Mabura Ward is ward number 6 of the 33 wards in Zibagwe Rural District Council of Kwekwe District. It is in Zhombe Communinal Land in Midlands Province of Zimbabwe. It is 100 km north-west-north of Kwekwe and 73 km south-west of Kadoma. Its center is at Bee Mine Township but the sitting councillor operates from Samambwa Township.

Municipality
The Zibagwe Rural District Council runs the ward and at present the ward is represented by a male councillor, on a ZANU-PF ticket.

Shopping centers

 Bee Mine Township
 Columbina Township, 6.4 km south
 Samambwa Township, 13 km north-east

Schools

Primary

Bee Mine Primary School

Bee Mine Primary School was established in 1969.

Samambwa Primary School

Samambwa Primary School is a co-educational school 19 km northeast of Empress Columbina Township. () It was established in 1964.

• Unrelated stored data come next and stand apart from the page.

text \<open>An A-module (A = L/Soc L) is a finitely generated L-module annihilated by Soc L.\<close>
definition A_module :: "'a ring \<Rightarrow> ('a, 'b) module \<Rightarrow> bool" where
  "A_module L M \<longleftrightarrow> lmodule L M \<and> fin_gen L M \<and>
     (\<forall>s\<in>socle L. \<forall>x\<in>carrier M. s \<odot>\<^bsub>M\<^esub> x = \<zero>\<^bsub>M\<^esub>)"

text \<open>\<open>r_A Y\<close> for an A-module Y; since \<open>rad A = (rad L + Soc L)/Soc L\<close> and
\<open>Soc L\<close> kills Y, this is \<open>(rad L) Y\<close>.\<close>
definition radA_mod :: "'a ring \<Rightarrow> ('a, 'b) module \<Rightarrow> 'b set" where
  "radA_mod L Y = mod_span L Y {r \<odot>\<^bsub>Y\<^esub> x | r x. r \<in> jac_rad L \<and> x \<in> carrier Y}"

text \<open>\<open>F Y = (Y / r_A Y, r_A Y, f_X)\<close>.  A sequence of H-modules is exact iff the
sequences of U- and V-components are exact.  U-component of
\<open>0 \<rightarrow> F C \<rightarrow> F B \<rightarrow> F S \<rightarrow> 0\<close>: \<open>0 \<rightarrow> C/rC \<rightarrow> B/rB \<rightarrow> S/rS \<rightarrow> 0\<close> with the maps
induced by \<open>\<alpha>, \<beta>\<close>, written out on representatives.\<close>
definition F_U_exact :: "'a ring \<Rightarrow> ('a, 'c) module \<Rightarrow> ('a, 'b) module \<Rightarrow> ('a, 's) module
    \<Rightarrow> ('c \<Rightarrow> 'b) \<Rightarrow> ('b \<Rightarrow> 's) \<Rightarrow> bool" where
  "F_U_exact L C B S \<alpha> \<beta> \<longleftrightarrow>
     (\<forall>c\<in>carrier C. \<alpha> c \<in> radA_mod L B \<longrightarrow> c \<in> radA_mod L C) \<and>
     (\<forall>c\<in>carrier C. \<beta> (\<alpha> c) \<in> radA_mod L S) \<and>
     (\<forall>b\<in>carrier B. \<beta> b \<in> radA_mod L S \<longrightarrow>
        (\<exists>c\<in>carrier C. b \<ominus>\<^bsub>B\<^esub> \<alpha> c \<in> radA_mod L B)) \<and>
     (\<forall>s\<in>carrier S. \<exists>b\<in>carrier B. s \<ominus>\<^bsub>S\<^esub> \<beta> b \<in> radA_mod L S)"

text \<open>V-component: \<open>0 \<rightarrow> r_A C \<rightarrow> r_A B \<rightarrow> r_A S \<rightarrow> 0\<close> with the restricted maps.\<close>
definition F_V_exact :: "'a ring \<Rightarrow> ('a, 'c) module \<Rightarrow> ('a, 'b) module \<Rightarrow> ('a, 's) module
    \<Rightarrow> ('c \<Rightarrow> 'b) \<Rightarrow> ('b \<Rightarrow> 's) \<Rightarrow> bool" where
  "F_V_exact L C B S \<alpha> \<beta> \<longleftrightarrow>
     (\<forall>c\<in>radA_mod L C. \<alpha> c = \<zero>\<^bsub>B\<^esub> \<longrightarrow> c = \<zero>\<^bsub>C\<^esub>) \<and>
     (\<forall>c\<in>radA_mod L C. \<beta> (\<alpha> c) = \<zero>\<^bsub>S\<^esub>) \<and>
     (\<forall>b\<in>radA_mod L B. \<beta> b = \<zero>\<^bsub>S\<^esub> \<longrightarrow> (\<exists>c\<in>radA_mod L C. \<alpha> c = b)) \<and>
     (\<forall>s\<in>radA_mod L S. \<exists>b\<in>radA_mod L B. \<beta> b = s)"

definition F_exact :: "'a ring \<Rightarrow> ('a, 'c) module \<Rightarrow> ('a, 'b) module \<Rightarrow> ('a, 's) module
    \<Rightarrow> ('c \<Rightarrow> 'b) \<Rightarrow> ('b \<Rightarrow> 's) \<Rightarrow> bool" where
  "F_exact L C B S \<alpha> \<beta> \<longleftrightarrow> F_U_exact L C B S \<alpha> \<beta> \<and> F_V_exact L C B S \<alpha> \<beta>"

definition short_exact :: "'a ring \<Rightarrow> ('a, 'c) module \<Rightarrow> ('a, 'b) module \<Rightarrow> ('a, 's) module
    \<Rightarrow> ('c \<Rightarrow> 'b) \<Rightarrow> ('b \<Rightarrow> 's) \<Rightarrow> bool" where
  "short_exact L C B S \<alpha> \<beta> \<longleftrightarrow> mod_hom L C B \<alpha> \<and> mod_hom L B S \<beta> \<and>
     inj_on \<alpha> (carrier C) \<and> \<beta> ` carrier B = carrier S \<and>
     \<alpha> ` carrier C = {b\<in>carrier B. \<beta> b = \<zero>\<^bsub>S\<^esub>}"

end

theory Submission
  imports Defs
begin

text \<open>Since \<open>rad\<^sup>3 \<Lambda> = 0\<close>, the square of the radical lies in the socle, so on an \<open>A\<close>-module the
  radical kills \<open>rad B\<close>. Hence if \<open>\<alpha> c \<in> rad B\<close>, injectivity of \<open>\<alpha>\<close> shows that \<open>rad \<Lambda>\<close> kills
  \<open>c\<close>. If moreover \<open>c \<notin> rad C\<close>, semisimplicity of \<open>\<Lambda> / rad \<Lambda>\<close> (an artin algebra is left
  artinian) yields \<open>d \<in> \<Lambda> c\<close> outside \<open>rad C\<close> generating a simple submodule, and a submodule
  containing \<open>rad C\<close> that is maximal with respect to avoiding \<open>d\<close> is a complement of \<open>\<Lambda> d\<close>, so
  \<open>C\<close> would have a simple summand. Thus \<open>\<alpha>\<close> reflects the radical; as \<open>rad S = 0\<close>, this is all
  that exactness of the two component sequences requires.\<close>

lemma reg_mod_simps[simp]: "carrier (reg_mod L) = carrier L" "add (reg_mod L) = add L"
  "ring.zero (reg_mod L) = ring.zero L" "smult (reg_mod L) = monoid.mult L"
  by (simp_all add: reg_mod_def)

lemma reg_mod_a_inv[simp]: "a_inv (reg_mod L) = a_inv L"
  by (rule ext) (simp add: a_inv_def m_inv_def reg_mod_def)

lemma left_ideal_iff: "left_ideal L I \<longleftrightarrow> I \<subseteq> carrier L \<and> \<zero>\<^bsub>L\<^esub> \<in> I \<and>
    (\<forall>x\<in>I. \<forall>y\<in>I. x \<oplus>\<^bsub>L\<^esub> y \<in> I) \<and> (\<forall>x\<in>I. \<ominus>\<^bsub>L\<^esub> x \<in> I) \<and>
    (\<forall>a\<in>carrier L. \<forall>x\<in>I. a \<otimes>\<^bsub>L\<^esub> x \<in> I)"
  by (simp add: left_ideal_def submodule_def)

lemma a_inv_restrict_carrier:
  assumes G: "abelian_group G" and H: "H \<subseteq> carrier G" and x: "x \<in> H" and nx: "\<ominus>\<^bsub>G\<^esub> x \<in> H"
  shows "a_inv (G\<lparr>carrier := H\<rparr>) x = \<ominus>\<^bsub>G\<^esub> x"
proof -
  interpret G: abelian_group G by (rule G)
  have xc: "x \<in> carrier G" using x H by blast
  have "a_inv (G\<lparr>carrier := H\<rparr>) x = (THE y. y \<in> H \<and> x \<oplus>\<^bsub>G\<^esub> y = \<zero>\<^bsub>G\<^esub> \<and> y \<oplus>\<^bsub>G\<^esub> x = \<zero>\<^bsub>G\<^esub>)"
    by (simp add: a_inv_def m_inv_def)
  also have "\<dots> = \<ominus>\<^bsub>G\<^esub> x"
  proof (rule the_equality)
    show "\<ominus>\<^bsub>G\<^esub> x \<in> H \<and> x \<oplus>\<^bsub>G\<^esub> \<ominus>\<^bsub>G\<^esub> x = \<zero>\<^bsub>G\<^esub> \<and> \<ominus>\<^bsub>G\<^esub> x \<oplus>\<^bsub>G\<^esub> x = \<zero>\<^bsub>G\<^esub>"
      using nx G.r_neg[OF xc] G.l_neg[OF xc] by blast
    fix y assume "y \<in> H \<and> x \<oplus>\<^bsub>G\<^esub> y = \<zero>\<^bsub>G\<^esub> \<and> y \<oplus>\<^bsub>G\<^esub> x = \<zero>\<^bsub>G\<^esub>"
    then show "y = \<ominus>\<^bsub>G\<^esub> x" using xc H by (metis G.minus_equality subsetD)
  qed
  finally show ?thesis .
qed

locale lmod =
  fixes L :: "'a ring" and M :: "('a,'b) module"
  assumes lm: "lmodule L M"
begin

sublocale R: ring L using lm by (simp add: lmodule_def)
sublocale M: abelian_group M using lm by (simp add: lmodule_def)

lemma smult_closed[simp,intro]: "a \<in> carrier L \<Longrightarrow> x \<in> carrier M \<Longrightarrow> a \<odot>\<^bsub>M\<^esub> x \<in> carrier M"
  using lm by (simp add: lmodule_def)

lemma smult_l_distr: "a \<in> carrier L \<Longrightarrow> b \<in> carrier L \<Longrightarrow> x \<in> carrier M \<Longrightarrow>
    (a \<oplus>\<^bsub>L\<^esub> b) \<odot>\<^bsub>M\<^esub> x = a \<odot>\<^bsub>M\<^esub> x \<oplus>\<^bsub>M\<^esub> b \<odot>\<^bsub>M\<^esub> x"
  using lm by (simp add: lmodule_def)

lemma smult_r_distr: "a \<in> carrier L \<Longrightarrow> x \<in> carrier M \<Longrightarrow> y \<in> carrier M \<Longrightarrow>
    a \<odot>\<^bsub>M\<^esub> (x \<oplus>\<^bsub>M\<^esub> y) = a \<odot>\<^bsub>M\<^esub> x \<oplus>\<^bsub>M\<^esub> a \<odot>\<^bsub>M\<^esub> y"
  using lm by (simp add: lmodule_def)

lemma smult_assoc: "a \<in> carrier L \<Longrightarrow> b \<in> carrier L \<Longrightarrow> x \<in> carrier M \<Longrightarrow>
    (a \<otimes>\<^bsub>L\<^esub> b) \<odot>\<^bsub>M\<^esub> x = a \<odot>\<^bsub>M\<^esub> (b \<odot>\<^bsub>M\<^esub> x)"
  using lm by (simp add: lmodule_def)

lemma smult_one[simp]: "x \<in> carrier M \<Longrightarrow> \<one>\<^bsub>L\<^esub> \<odot>\<^bsub>M\<^esub> x = x"
  using lm by (simp add: lmodule_def)

lemma zero_smult[simp]: "x \<in> carrier M \<Longrightarrow> \<zero>\<^bsub>L\<^esub> \<odot>\<^bsub>M\<^esub> x = \<zero>\<^bsub>M\<^esub>"
proof -
  assume x: "x \<in> carrier M"
  have "\<zero>\<^bsub>L\<^esub> \<odot>\<^bsub>M\<^esub> x \<oplus>\<^bsub>M\<^esub> \<zero>\<^bsub>L\<^esub> \<odot>\<^bsub>M\<^esub> x = \<zero>\<^bsub>L\<^esub> \<odot>\<^bsub>M\<^esub> x \<oplus>\<^bsub>M\<^esub> \<zero>\<^bsub>M\<^esub>"
    using smult_l_distr[of "\<zero>\<^bsub>L\<^esub>" "\<zero>\<^bsub>L\<^esub>" x] x by simp
  then show ?thesis using x by (simp add: M.add.l_cancel)
qed

lemma smult_zero[simp]: "a \<in> carrier L \<Longrightarrow> a \<odot>\<^bsub>M\<^esub> \<zero>\<^bsub>M\<^esub> = \<zero>\<^bsub>M\<^esub>"
proof -
  assume a: "a \<in> carrier L"
  have "a \<odot>\<^bsub>M\<^esub> \<zero>\<^bsub>M\<^esub> \<oplus>\<^bsub>M\<^esub> a \<odot>\<^bsub>M\<^esub> \<zero>\<^bsub>M\<^esub> = a \<odot>\<^bsub>M\<^esub> \<zero>\<^bsub>M\<^esub> \<oplus>\<^bsub>M\<^esub> \<zero>\<^bsub>M\<^esub>"
    using smult_r_distr[of a "\<zero>\<^bsub>M\<^esub>" "\<zero>\<^bsub>M\<^esub>"] a by simp
  then show ?thesis using a by (simp add: M.add.l_cancel)
qed

lemma neg_smult: "a \<in> carrier L \<Longrightarrow> x \<in> carrier M \<Longrightarrow> (\<ominus>\<^bsub>L\<^esub> a) \<odot>\<^bsub>M\<^esub> x = \<ominus>\<^bsub>M\<^esub> (a \<odot>\<^bsub>M\<^esub> x)"
proof -
  assume a: "a \<in> carrier L" and x: "x \<in> carrier M"
  have "(\<ominus>\<^bsub>L\<^esub> a) \<odot>\<^bsub>M\<^esub> x \<oplus>\<^bsub>M\<^esub> a \<odot>\<^bsub>M\<^esub> x = \<zero>\<^bsub>M\<^esub>"
    using smult_l_distr[of "\<ominus>\<^bsub>L\<^esub> a" a x] a x by (simp add: R.l_neg)
  then show ?thesis using a x by (simp add: M.add.inv_equality)
qed

lemma smult_neg: "a \<in> carrier L \<Longrightarrow> x \<in> carrier M \<Longrightarrow> a \<odot>\<^bsub>M\<^esub> (\<ominus>\<^bsub>M\<^esub> x) = \<ominus>\<^bsub>M\<^esub> (a \<odot>\<^bsub>M\<^esub> x)"
proof -
  assume a: "a \<in> carrier L" and x: "x \<in> carrier M"
  have "a \<odot>\<^bsub>M\<^esub> (\<ominus>\<^bsub>M\<^esub> x) \<oplus>\<^bsub>M\<^esub> a \<odot>\<^bsub>M\<^esub> x = \<zero>\<^bsub>M\<^esub>"
    using smult_r_distr[of a "\<ominus>\<^bsub>M\<^esub> x" x, symmetric] a x by (simp add: M.l_neg)
  then show ?thesis using a x by (simp add: M.add.inv_equality)
qed

end

lemma lmodI: "lmodule L M \<Longrightarrow> lmod L M"
  by (simp add: lmod_def)

lemma submoduleD:
  assumes "submodule L M N"
  shows "N \<subseteq> carrier M" "\<zero>\<^bsub>M\<^esub> \<in> N" "\<And>x y. x \<in> N \<Longrightarrow> y \<in> N \<Longrightarrow> x \<oplus>\<^bsub>M\<^esub> y \<in> N"
    "\<And>x. x \<in> N \<Longrightarrow> \<ominus>\<^bsub>M\<^esub> x \<in> N" "\<And>a x. a \<in> carrier L \<Longrightarrow> x \<in> N \<Longrightarrow> a \<odot>\<^bsub>M\<^esub> x \<in> N"
  using assms by (auto simp: submodule_def)

definition cyclic_submod :: "'a ring \<Rightarrow> ('a, 'b) module \<Rightarrow> 'b \<Rightarrow> 'b set" where
  "cyclic_submod L M x = {a \<odot>\<^bsub>M\<^esub> x | a. a \<in> carrier L}"

context lmod
begin

lemma submodule_Inter:
  assumes "\<And>N. N \<in> \<N> \<Longrightarrow> submodule L M N"
  shows "submodule L M (carrier M \<inter> \<Inter>\<N>)"
  using assms unfolding submodule_def by auto

lemma submodule_Int: "submodule L M N1 \<Longrightarrow> submodule L M N2 \<Longrightarrow> submodule L M (N1 \<inter> N2)"
  unfolding submodule_def by auto
lemma harmonic_absorption: "harmonic V P (\<lambda>S. lim (\<lambda>n. nstep V P n S V))"
  unfolding harmonic_def
proof (intro allI impI)
  fix S assume "S \<subseteq> V"
  let ?a = "\<lambda>S. lim (\<lambda>n. nstep V P n S V)"
  have "(\<lambda>n. nstep V P (Suc n) S V) \<longlonglongrightarrow> (\<Sum>T\<in>Pow V. P S T * ?a T)"
    unfolding nstep.simps by (intro tendsto_sum tendsto_mult_left nstep_full_convergent) auto
  moreover have "(\<lambda>n. nstep V P (Suc n) S V) \<longlonglongrightarrow> ?a S"
    using nstep_full_convergent[OF \<open>S \<subseteq> V\<close>] by (rule LIMSEQ_Suc)
  ultimately show "(\<Sum>T\<in>Pow V. P S T * ?a T) = ?a S"
    by (rule LIMSEQ_unique)
qed

lemma harmonic_max_propagates:
  assumes h: "harmonic V P h" and le_m: "\<And>T. T \<subseteq> V \<Longrightarrow> h T \<le> m"
  shows "S \<subseteq> V \<Longrightarrow> S \<noteq> {} \<Longrightarrow> h S = m \<Longrightarrow> h V = m"
proof (induction "card (V - S)" arbitrary: S)
  case 0
  then have "S = V"
    using finite_V by auto
  then show ?case
    using "0.prems" by simp
next
  case (Suc k)
  then have "S \<noteq> V" by auto
  then obtain x where x: "x \<in> V - S" "0 < P S (insert x S)"
    using can_grow Suc.prems by blast
  have "(\<Sum>T\<in>Pow V. P S T * (m - h T)) = m * (\<Sum>T\<in>Pow V. P S T) - (\<Sum>T\<in>Pow V. P S T * h T)"
    by (simp add: algebra_simps sum_subtractf sum_distrib_left)
  also have "\<dots> = 0"
    using row_sum h Suc.prems unfolding harmonic_def by simp
  finally have "\<forall>T\<in>Pow V. P S T * (m - h T) = 0"
    using finite_V nonneg le_m Suc.prems by (subst (asm) sum_nonneg_eq_0_iff) auto
  moreover have "insert x S \<in> Pow V"
    using x Suc.prems(1) by auto
  ultimately have "P S (insert x S) * (m - h (insert x S)) = 0"
    by blast
  with x(2) have "h (insert x S) = m"
    by simp
  moreover have "card (V - insert x S) = k"
  proof -
    have "V - insert x S = (V - S) - {x}"
      by blast
    then show ?thesis
      using card_Diff_singleton[of x "V - S"] Suc.hyps(2) x finite_V by simp
  qed
  ultimately show ?case
    using Suc.hyps(1) Suc.prems x by blast
qed

lemma harmonic_nonpos:
  assumes "harmonic V P h" "h V \<le> 0" "h {} \<le> 0" "S \<subseteq> V"
  shows "h S \<le> 0"
proof -
  define m where "m = Max (h ` Pow V)"
  have le_m: "h T \<le> m" if "T \<subseteq> V" for T
    unfolding m_def using finite_V that by (intro Max_ge) auto
  obtain S0 where "S0 \<subseteq> V" "h S0 = m"
    unfolding m_def using finite_V Max_in[of "h ` Pow V"] by fastforce
  then have "m \<le> 0"
    using harmonic_max_propagates[OF assms(1) le_m] assms(2,3) by (cases "S0 = {}") auto
  then show ?thesis
    using le_m[OF assms(4)] by linarith
qed

lemma harmonic_unique:
  assumes "harmonic V P g" "harmonic V P h" "g {} = h {}" "g V = h V" "S \<subseteq> V"
  shows "g S = h S"
proof -
  have "g S - h S \<le> 0"
    using harmonic_nonpos[OF harmonic_diff[OF assms(1,2)]] assms(3-5) by simp
  moreover have "h S - g S \<le> 0"
    using harmonic_nonpos[OF harmonic_diff[OF assms(2,1)]] assms(3-5) by simp
  ultimately show ?thesis
    by linarith
qed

Samambwa Primary School offers primary educational services from Grade 1 to 7 over seven years. The age group for pupils is 6 to 13 years. Compulsory subjects are English, mathematics, and Shona. The school also offers various non-examinable practical subjects which include arts and craft, home economics, music, sports and physical education. These practicals are offered according to the school resources.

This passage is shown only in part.